Personal information
- Born: 31 May 1924 Johannesburg, Transvaal
- Died: 28 June 2003 (aged 79) Kingston upon Thames, England
- Batting: Right-handed
- Role: Wicket-Keeper Batsman

International information
- National side: South Africa;
- Test debut: 16 August 1951 v England
- Last Test: 28 February 1958 v Australia

Career statistics
| Competition | Test | First-class |
| Matches | 28 | 134 |
| Runs scored | 1,630 | 7,757 |
| Batting average | 33.95 | 37.83 |
| 100s/50s | 3/8 | 15/34 |
| Top score | 162* | 247 |
| Balls bowled | – | 102 |
| Wickets | – | 2 |
| Bowling average | – | 36.50 |
| 5 wickets in innings | – | 0 |
| 10 wickets in match | – | 0 |
| Best bowling | – | 1/1 |
| Catches/stumpings | 41/0 | 158/13 |
- Source: Cricinfo, 15 November 2022

= Russell Endean =

South African cricketer (1924–2003)

William Russell Endean (31 May 1924 – 28 June 2003) was a South African cricketer who played in 28 Test matches from 1951 to 1958.

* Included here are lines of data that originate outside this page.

(* A shot with vanishing final slope satisfies the right Neumann condition, hence
   solves the discrete problem. *)
lemma shoot_solves:
  assumes final: "snd (shoot G s (Suc J)) = 0" and j: "j \<le> J"
  shows "dlap J (\<lambda>k. fst (shoot G s k)) j = G j (fst (shoot G s j))"
proof -
  have right: "(if j = J then fst (shoot G s J) else fst (shoot G s (j + 1))) - fst (shoot G s j)
      = snd (shoot G s (Suc j))"
    using final by (simp add: shoot_Suc)
  have left: "fst (shoot G s j) - (if j = 0 then fst (shoot G s 0) else fst (shoot G s (j - 1)))
      = snd (shoot G s j)"
    by (cases j) (simp_all add: shoot_Suc)
  show ?thesis using right left unfolding dlap_def shoot_Suc(2) by linarith
qed

(* Existence for Delta q = G(q) when G is continuous and has the signs of t for
   large |t|: the intermediate value theorem applied to the final slope. *)
lemma neumann_problem_exists:
  fixes G :: "nat \<Rightarrow> real \<Rightarrow> real"
  assumes cont: "\<And>j. j \<le> J \<Longrightarrow> continuous_on UNIV (G j)" and M: "0 \<le> M"
    and above: "\<And>j t. j \<le> J \<Longrightarrow> M \<le> t \<Longrightarrow> 0 \<le> G j t"
    and below: "\<And>j t. j \<le> J \<Longrightarrow> t \<le> - M \<Longrightarrow> G j t \<le> 0"
  shows "\<exists>q. \<forall>j\<le>J. dlap J q j = G j (q j)"
proof -
  let ?slope = "\<lambda>s. snd (shoot G s (Suc J))"
  have "continuous_on UNIV ?slope"
    using shoot_continuous[where G = G and J = J, OF cont, of "Suc J"] by simp
  hence cont_slope: "continuous_on {-M..M} ?slope" by (rule continuous_on_subset) simp
  have low: "?slope (- M) \<le> 0"
    using shoot_below[where G = G and J = J and M = M, OF below, of "Suc J"] by simp
  have high: "0 \<le> ?slope M"
    using shoot_above[where G = G and J = J and M = M, OF above, of "Suc J"] by simp
  obtain s where "?slope s = 0"
    using IVT'[OF low high _ cont_slope] M by auto
  hence "\<forall>j\<le>J. dlap J (\<lambda>k. fst (shoot G s k)) j = G j (fst (shoot G s j))"
    using shoot_solves by blast
  thus ?thesis by blast
qed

Endean had a part in two highly unusual Test match dismissals: he was the wicket-keeper whom Len Hutton obstructed leading to Hutton's being given out obstructing the field; and Endean himself was given out handled the ball, the first time in Test Cricket history a batsman was dismissed by this method.

He also holds the record for the most runs made before lunch on the first day of a first class match, scoring 197* for Transvaal against Orange Free State at Ellis Park in Johannesburg in the 1954/55 season.

==Personal life==
Endean went straight from school into the South African Army, where he served in the Middle East and Italy during the Second World War. Following the end of the war, he became an accountant in Johannesburg, and also played hockey for the South African National team. He met his future wife, Muriel, on a cricket tour of England, and had two sons and a daughter with her.

==Retirement==
Endean retired from state cricket at the end of the 1960–1961 season. He then moved to London, and worked as an accountant for BP. He continued to play for MCC in schools games, and also played club cricket for Malden Wanderers. He and his wife lived in Surrey.